A Sure-Fire Way Not To Sell Your First Script
12 Tuesday Oct 2010
Tags
cinema, film, movie, pitch, Screenwriting, scriptwriting, selling, TV, TV drama
Want to make absolutely sure you don’t sell that first script? Here’s a tip:
Make sure it’s like all the others.
I see loads of well-written scripts (and a fair load of badly written scripts too) and I’ve seen just about every fault that writers have ever invented. But there’s one flaw that stands out as being the real killer:
It’s just not different.
There’s nothing special. Nothing that makes it stand out from the crowd.
Hang on, I hear you say. There are a thousand movies and TV dramas made every year that are total mindless clones of movies and dramas that went before. Someone must have commissioned them.
Yes. But here’s the rub: they’ve already got thousands of mindless writers (and good ones) they can call on to write those. What’s more those writers can be relied on to deliver precisely the right level of 9th rate writing. (Nothing too classy that might demand expensive actors, add to the budget, etc).
Why should they hire you?
What they want from you – a fresh, exciting new talent – is something different. Something they can’t get elsewhere. Something that’s pure you.
That Barton Fink feeling!
So, go back over that script and ask yourself how you can give it that special something – that unique selling point – that one thing nobody else has done. Is it twist in the genre? A new way of looking at something familiar? A variation on an old theme? Where is your individual voice? Give it that Barton Fink feeling.

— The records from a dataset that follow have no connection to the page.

lemma hom_image_Rprod_subset:
  assumes can: "canonical n lam a" and a: "\<forall>i\<in>{1..n}. a i \<le> lam i"
    and phi: "\<phi> \<in> hom G G"
  shows "\<phi> ` Rprod a \<subseteq> Rprod a"
proof (rule image_subsetI)
  fix g assume "g \<in> Rprod a"
  then have g: "g \<in> carrier G" "\<And>j. j \<in> {1..n} \<Longrightarrow> g j \<in> Rfactor a j"
    using subgroup.subset[OF Rprod_subgroup] by (auto simp: Rprod_def)
  interpret R: subgroup "Rprod a" G by (rule Rprod_subgroup)
  define part where "part J = (\<lambda>i\<in>{1..n}. if i \<in> J then g i else 0)" for J
  have part_carrier: "part J \<in> carrier G" for J
    using g(1) M_pos by (auto simp: part_def carrier_G PiE_iff)
  have "\<phi> (part J) \<in> Rprod a" if "J \<subseteq> {1..n}" for J
    using finite_subset[OF that finite_atLeastAtMost] that
  proof (induction J rule: finite_subset_induct)
    case empty
    have "part {} = \<one>\<^bsub>G\<^esub>" by (simp add: part_def one_G)
    then show ?case using hom_one[OF phi group_G group_G] R.one_closed by simp
  next
    case (insert j J)
    have split: "part (insert j J) = part J \<otimes>\<^bsub>G\<^esub> coord_vec j (g j)"
      using g(1) insert.hyps p_gt_1 by (auto simp: part_def coord_vec_def mult_G carrier_G PiE_iff)
    have "coord_vec j (g j) \<in> carrier G"
      using g(1) insert.hyps M_pos by (auto simp: coord_vec_def carrier_G PiE_iff)
    moreover have "\<phi> (coord_vec j (g j)) \<in> Rprod a"
      using insert.hyps g(2) canonical_imp_mono[OF can a]
      by (intro hom_coord_vec_mem_Rprod[OF a _ _ _ phi]) auto
    ultimately show ?case
      unfolding split using hom_mult[OF phi part_carrier] insert.IH R.m_closed by simp
  qed
  moreover have "part {1..n} = g"
    using g(1) by (auto simp: part_def carrier_G PiE_iff extensional_def)
  ultimately show "\<phi> g \<in> Rprod a" by (metis order_refl)
qed

lemma canonical_imp_characteristic:
  assumes "canonical n lam a" and a: "\<forall>i\<in>{1..n}. a i \<le> lam i"
  shows "characteristic_subgroup (Rprod a) G"
proof -
  have "\<phi> ` Rprod a = Rprod a" if "\<phi> \<in> iso G G" for \<phi>
    using iso_image_eq_of_image_subset[OF that finite_Rprod subgroup.subset[OF Rprod_subgroup]]
      hom_image_Rprod_subset[OF assms] that by (simp add: iso_def)
  then show ?thesis
    unfolding characteristic_subgroup_def using Rprod_subgroup by blast
qed

definition transvection :: "nat \<Rightarrow> nat \<Rightarrow> int \<Rightarrow> (nat \<Rightarrow> int) \<Rightarrow> nat \<Rightarrow> int" where
  "transvection s t k g = (\<lambda>i\<in>{1..n}. if i = t then (g t + k * g s) mod M t else g i)"

lemma transvection_carrier:
  "t \<in> {1..n} \<Longrightarrow> g \<in> carrier G \<Longrightarrow> transvection s t k g \<in> carrier G"
  using M_pos by (auto simp: transvection_def carrier_G PiE_iff)

lemma transvection_hom:
  assumes s: "s \<in> {1..n}" and t: "t \<in> {1..n}" and st: "s \<noteq> t" and k: "M t dvd k * M s"
  shows "transvection s t k \<in> hom G G"
proof (rule homI)
  show "transvection s t k x \<in> carrier G" if "x \<in> carrier G" for x
    using transvection_carrier[OF t that] .
  fix x y
  have "((x t + y t) mod M t + k * ((x s + y s) mod M s)) mod M t
      = ((x t + y t) + k * (x s + y s)) mod M t"
    using mod_mult_mod_of_dvd[OF k, of "x s + y s"] by (metis mod_add_left_eq mod_add_right_eq)
  also have "\<dots> = ((x t + k * x s) mod M t + (y t + k * y s) mod M t) mod M t"
    by (simp add: mod_add_eq algebra_simps)
  finally show "transvection s t k (x \<otimes>\<^bsub>G\<^esub> y) = transvection s t k x \<otimes>\<^bsub>G\<^esub> transvection s t k y"
    using s t st by (auto simp: transvection_def mult_G)
qed

lemma transvection_inverse:
  assumes s: "s \<in> {1..n}" and t: "t \<in> {1..n}" and st: "s \<noteq> t" and g: "g \<in> carrier G"
  shows "transvection s t (- k) (transvection s t k g) = g"
proof -
  have "((g t + k * g s) mod M t + - k * g s) mod M t = (g t + k * g s + - k * g s) mod M t"
    by (rule mod_add_left_eq)
  also have "\<dots> = g t" using g t by (auto simp: carrier_G PiE_iff)
  finally have "((g t + k * g s) mod M t + - k * g s) mod M t = g t" .
  then show ?thesis
    using s t st g by (auto simp: transvection_def carrier_G PiE_iff extensional_def)
qed

lemma transvection_iso:
  assumes s: "s \<in> {1..n}" and t: "t \<in> {1..n}" and st: "s \<noteq> t" and k: "M t dvd k * M s"
  shows "transvection s t k \<in> iso G G"
proof -
  have "transvection s t k (transvection s t (- k) g) = g" if "g \<in> carrier G" for g
    using transvection_inverse[OF s t st that, of "- k"] by simp
  then have "bij_betw (transvection s t k) (carrier G) (carrier G)"
    using transvection_inverse[OF s t st] transvection_carrier[OF t]
    by (intro bij_betw_byWitness[where f' = "transvection s t (- k)"]) auto
  then show ?thesis using transvection_hom[OF s t st k] by (simp add: iso_def)
qed

lemma transvection_not_characteristic:
  assumes s: "s \<in> {1..n}" and t: "t \<in> {1..n}" and st: "s \<noteq> t" and k: "M t dvd k * M s"
    and a: "\<forall>i\<in>{1..n}. a i \<le> lam i" and as: "1 \<le> a s"
    and image: "(k * int p ^ (lam s - a s)) mod M t = int p ^ m" and m: "m < lam t - a t"
  shows "\<not> characteristic_subgroup (Rprod a) G"
proof
  assume "characteristic_subgroup (Rprod a) G"
  then have "transvection s t k ` Rprod a = Rprod a"
    using transvection_iso[OF s t st k] unfolding characteristic_subgroup_def by blast
  moreover have "lam s - a s < lam s" using a s as by fastforce
  then have "coord_vec s (int p ^ (lam s - a s)) \<in> Rprod a"
    using M_pos p_gt_1 by (auto simp: coord_vec_def Rprod_def Rfactor_def PiE_iff)
  ultimately have "transvection s t k (coord_vec s (int p ^ (lam s - a s))) \<in> Rprod a"
    by blast
  moreover have "transvection s t k (coord_vec s (int p ^ (lam s - a s))) t = int p ^ m"
    using s t st image by (simp add: transvection_def coord_vec_def)
  ultimately have "int p ^ (lam t - a t) dvd int p ^ m"
    using t unfolding mem_Rprod_iff by metis
  with m show False by (simp add: p_power_dvd_iff)
qed

lemma not_canonical_imp_not_characteristic:
  assumes lam: "\<forall>i\<in>{2..n}. lam (i - 1) \<le> lam i"
    and a: "\<forall>i\<in>{1..n}. a i \<le> lam i"
    and "\<not> canonical n lam a"
  shows "\<not> characteristic_subgroup (Rprod a) G"
proof -
  consider (I) i where "i \<in> {2..n}" "a i < a (i - 1)"
    | (II) i where "i \<in> {1..<n}" "int (lam (i + 1)) - int (lam i) < int (a (i + 1)) - int (a i)"
    using assms(3) unfolding canonical_def by force
  then show ?thesis
  proof cases
    case I
    define s where "s = i - 1"
    have s: "s \<in> {1..n}" and t: "i \<in> {1..n}" and "s \<noteq> i" using I by (auto simp: s_def)
    have "lam s \<le> lam i" "a i < a s" "a s \<le> lam s" using lam I a s by (auto simp: s_def)
    moreover define k where "k = int p ^ (lam i - lam s)"
    ultimately have "M i dvd k * M s"
      and "(k * int p ^ (lam s - a s)) mod M i = int p ^ (lam i - a s)"
      and "lam i - a s < lam i - a i" and "1 \<le> a s"
      using M_pos p_gt_1 by (auto simp: k_def p_power_dvd_iff power_strict_increasing_iff
          simp flip: power_add)
    then show ?thesis
      using transvection_not_characteristic[OF s t \<open>s \<noteq> i\<close> _ a] by blast
  next
    case II
    define s where "s = i + 1"
    have s: "s \<in> {1..n}" and t: "i \<in> {1..n}" and "s \<noteq> i" using II by (auto simp: s_def)
    have "s \<in> {2..n}" using II by (auto simp: s_def)
    then have "lam i \<le> lam s" using lam by (metis s_def add_diff_cancel_right')
    moreover have "a s \<le> lam s" "a i \<le> lam i" using a s t by auto
    ultimately have "M i dvd 1 * M s"
      and "(1 * int p ^ (lam s - a s)) mod M i = int p ^ (lam s - a s)"
      and "lam s - a s < lam i - a i" and "1 \<le> a s"
      using II p_gt_1 by (auto simp: s_def p_power_dvd_iff power_strict_increasing_iff)
    then show ?thesis
      using transvection_not_characteristic[OF s t \<open>s \<noteq> i\<close> _ a] by blast
  qed
qed
definition lower_embed :: "real^'n \<Rightarrow> real^('n+'n)" where
  "lower_embed v = (\<chi> i. case i of Inl _ \<Rightarrow> 0 | Inr b \<Rightarrow> v $ b)"

lemma upper_half_lower_embed [simp]: "upper_half (lower_embed v) = 0"
  by (simp add: upper_half_def lower_embed_def vec_eq_iff)

lemma lower_half_lower_embed [simp]: "lower_half (lower_embed v) = v"
  by (simp add: lower_half_def lower_embed_def vec_eq_iff)

lemma bounded_linear_upper_half: "bounded_linear upper_half"
  unfolding linear_conv_bounded_linear[symmetric]
  by (rule linearI) (simp_all add: upper_half_def vec_eq_iff)

lemma bounded_linear_lower_half: "bounded_linear lower_half"
  unfolding linear_conv_bounded_linear[symmetric]
  by (rule linearI) (simp_all add: lower_half_def vec_eq_iff)

lemma sum_UNIV_Plus:
  "(\<Sum>x\<in>(UNIV::('a::finite + 'b::finite) set). f x) = (\<Sum>a\<in>UNIV. f (Inl a)) + (\<Sum>b\<in>UNIV. f (Inr b))"
  by (subst UNIV_Plus_UNIV[symmetric], subst sum.Plus) (auto simp: o_def)

lemma blk12_mult_vec: "blk12 P *v v = upper_half (P *v lower_embed v)"
  by (simp add: blk12_def upper_half_def lower_embed_def matrix_vector_mult_def vec_eq_iff sum_UNIV_Plus)

lemma blk22_mult_vec: "blk22 P *v v = lower_half (P *v lower_embed v)"
  by (simp add: blk22_def lower_half_def lower_embed_def matrix_vector_mult_def vec_eq_iff sum_UNIV_Plus)

lemma upper_half_block_mat_mult_vec:
  "upper_half (block_mat M11 M12 M21 M22 *v y) = M11 *v upper_half y + M12 *v lower_half y"
  by (simp add: block_mat_def upper_half_def lower_half_def matrix_vector_mult_def vec_eq_iff sum_UNIV_Plus)

lemma lower_half_block_mat_mult_vec:
  "lower_half (block_mat M11 M12 M21 M22 *v y) = M21 *v upper_half y + M22 *v lower_half y"
  by (simp add: block_mat_def upper_half_def lower_half_def matrix_vector_mult_def vec_eq_iff sum_UNIV_Plus)
(* Consider the distributed quantized weight-balancing algorithm described in the context on a strongly connected digraph with $N$ nodes, with step-size $\gamma(k)=2^{-n}$ for $2^n-1\le k\le 2^{n+1}-2$. Let $\tilde T=3N(N-1)N^{2N}$ and let $k_0\in\mathbb{Z}_{++}$ be such that $\gamma(k)=\gamma(k_0)$ for all $k\in[k_0,k_0+\tilde T]$. Let $\tau\ge k_0$ be an integer such that $\Vert\boldsymbol{\epsilon}(\tau-1)\Vert_1<2N(N-1)\gamma(\tau-1)$ and $\Vert\boldsymbol{\epsilon}(\tau)\Vert_1\ge 2N(N-1)\gamma(\tau)$. Then there exists an integer $t\in[1,\tilde T]$ such that $\Vert\boldsymbol{\epsilon}(\tau+t)\Vert_1<2N(N-1)\gamma(\tau+t)$.
   Context: $\mathcal{G}=(\mathcal{V},\mathcal{E})$, $\mathcal{V}=\{1,\dots,N\}$, no self-loops; $\mathcal{N}_i^-=\{j:(j,i)\in\mathcal{E}\}$, $\mathcal{N}_i^+=\{j:(i,j)\in\mathcal{E}\}$, $d_i^+=|\mathcal{N}_i^+|$. Algorithm: $a_{ij}(0)=1$ if $j\in\mathcal{N}_i^-$ and $0$ otherwise; $b_i(k)=\sum_{j\in\mathcal{N}_i^-}a_{ij}(k)-\sum_{j\in\mathcal{N}_i^+}a_{ji}(k)$; $n_i(k)=1$ if $b_i(k)\ge d_i^+\gamma(k)$, else $0$; $a_{ij}(k+1)=a_{ij}(k)+n_j(k)\gamma(k)$ for $j\in\mathcal{N}_i^-$. $\boldsymbol{\epsilon}(k)=(|b_i(k)|)_{i=1}^N$. *)

theory Defs
  imports Complex_Main
begin

definition wb_gamma :: "nat \<Rightarrow> real" where
  "wb_gamma k = (1/2) ^ (THE n::nat. 2^n \<le> k + 1 \<and> k + 1 < 2^(Suc n))"

definition in_nbrs :: "nat \<Rightarrow> (nat \<times> nat) set \<Rightarrow> nat \<Rightarrow> nat set" where
  "in_nbrs N E i = {j \<in> {1..N}. (j, i) \<in> E}"

definition out_nbrs :: "nat \<Rightarrow> (nat \<times> nat) set \<Rightarrow> nat \<Rightarrow> nat set" where
  "out_nbrs N E i = {j \<in> {1..N}. (i, j) \<in> E}"

definition out_deg :: "nat \<Rightarrow> (nat \<times> nat) set \<Rightarrow> nat \<Rightarrow> nat" where
  "out_deg N E i = card (out_nbrs N E i)"

text \<open>Weight imbalance b_i for a weight assignment a (a i j = weight of edge (j,i)).\<close>
definition imbal :: "nat \<Rightarrow> (nat \<times> nat) set \<Rightarrow> (nat \<Rightarrow> nat \<Rightarrow> real) \<Rightarrow> nat \<Rightarrow> real" where
  "imbal N E a i = (\<Sum>j\<in>in_nbrs N E i. a i j) - (\<Sum>j\<in>out_nbrs N E i. a j i)"

fun wb_a :: "nat \<Rightarrow> (nat \<times> nat) set \<Rightarrow> nat \<Rightarrow> nat \<Rightarrow> nat \<Rightarrow> real" where
  "wb_a N E 0 = (\<lambda>i j. if j \<in> in_nbrs N E i then 1 else 0)"
| "wb_a N E (Suc k) = (\<lambda>i j.
     if j \<in> in_nbrs N E i
     then wb_a N E k i j +
          (if imbal N E (wb_a N E k) j \<ge> real (out_deg N E j) * wb_gamma k then wb_gamma k else 0)
     else wb_a N E k i j)"

definition wb_b :: "nat \<Rightarrow> (nat \<times> nat) set \<Rightarrow> nat \<Rightarrow> nat \<Rightarrow> real" where
  "wb_b N E k i = imbal N E (wb_a N E k) i"

definition eps_norm1 :: "nat \<Rightarrow> (nat \<times> nat) set \<Rightarrow> nat \<Rightarrow> real" where
  "eps_norm1 N E k = (\<Sum>i\<in>{1..N}. \<bar>wb_b N E k i\<bar>)"

definition strongly_connected :: "nat \<Rightarrow> (nat \<times> nat) set \<Rightarrow> bool" where
  "strongly_connected N E \<longleftrightarrow> (\<forall>i\<in>{1..N}. \<forall>j\<in>{1..N}. (i, j) \<in> E\<^sup>*)"

end

theory Submission
  imports Defs "HOL-Library.Discrete_Functions"
begin

text \<open>
  Since \<open>\<parallel>\<epsilon>\<parallel>\<^sub>1\<close> never increases, it can only climb above the threshold
  \<open>2N(N-1)\<gamma>\<close> at a step \<open>\<tau>\<close> where \<open>\<gamma>\<close> halves, and then \<open>\<gamma>\<close> stays constant on
  \<open>[\<tau>, \<tau> + T]\<close>.  If \<open>\<parallel>\<epsilon>\<parallel>\<^sub>1\<close> stayed above the threshold on this window, some node
  would fire at every step (a step without firings forces every \<open>b\<^sub>i < (N-1)\<gamma>\<close>, hence
  \<open>\<parallel>\<epsilon>\<parallel>\<^sub>1 = 2 \<Sum> max b\<^sub>i 0\<close> below the threshold), i.e. there would be at least \<open>T + 1\<close>
  firings.  On the other hand some node \<open>v\<close> never fires in the window: otherwise the node
  whose last firing is earliest ends with positive imbalance while all others end nonnegative,
  contradicting \<open>\<Sum> b\<^sub>i = 0\<close>.  Along an edge \<open>(x, y)\<close> every firing of \<open>x\<close> raises \<open>b\<^sub>y\<close> by
  \<open>\<gamma>\<close>, every firing of \<open>y\<close> lowers it by at most \<open>(N-1)\<gamma>\<close>, and \<open>b\<^sub>y\<close> stays within
  \<open>\<plusminus>\<parallel>\<epsilon>(\<tau>)\<parallel>\<^sub>1\<close>; so the firing counts satisfy
  \<open>c\<^sub>x \<le> 2\<parallel>\<epsilon>(\<tau>)\<parallel>\<^sub>1/\<gamma> + (N-1) c\<^sub>y\<close>.  Propagating this back from \<open>c\<^sub>v = 0\<close> along the
  strongly connected graph bounds the total number of firings by \<open>8N(N-1)N\<^sup>N \<le> T\<close>.
\<close>

section \<open>Bounds propagating along a strongly connected relation\<close>

lemma rtrancl_enters_set:
  assumes "(x, y) \<in> r\<^sup>*" "x \<notin> R" "y \<in> R"
  shows "\<exists>a b. (a, b) \<in> r \<and> a \<notin> R \<and> b \<in> R"
  using assms by (induction rule: rtrancl_induct) blast+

Then, when they’ve bought you, then they’ll try to make you the same as everyone else.
But that’s another story.
Want to know more?
If you want more sure-fire ways not to sell your script… or, better still, ways to sell it, you need to know what buyers want, how to get to them, how to get them excited, how to use social media to promote your work, how to pitch, what to ask for when you meet, whether you need a lawyer or an agent, check out my book Jaws in Space: Powerful Pitching for Film & TV.
2 Comments
Keith Newby said:
October 22, 2010 at 4:52 pm
Hi mate,
I am new to writing and found your blog overwhelmingly interesting, if not a little scary. The thought of all the rules and regulations that go hand in hand with this writing lark is quite disconcerting. Here’s me thinking all you did was write something down and that’s it!, no, no, says you!. Shit, I better get the books out and start learning before I write.
Cheers fella for the insight.
Keith
Charles Harris said:
October 22, 2010 at 8:18 pm
If only! Yes, there’s a bit of learning to do. In fact, what impresses me about the really great writers is how much they know about their craft and about those who went before – and how they go on learning all their lives.
At the same time, at the heart of it writing is exactly what you say: all you do is write something down!
My advice, for what it’s worth: Don’t worry that you have to learn before you write – but do go on learning at the same time as you write.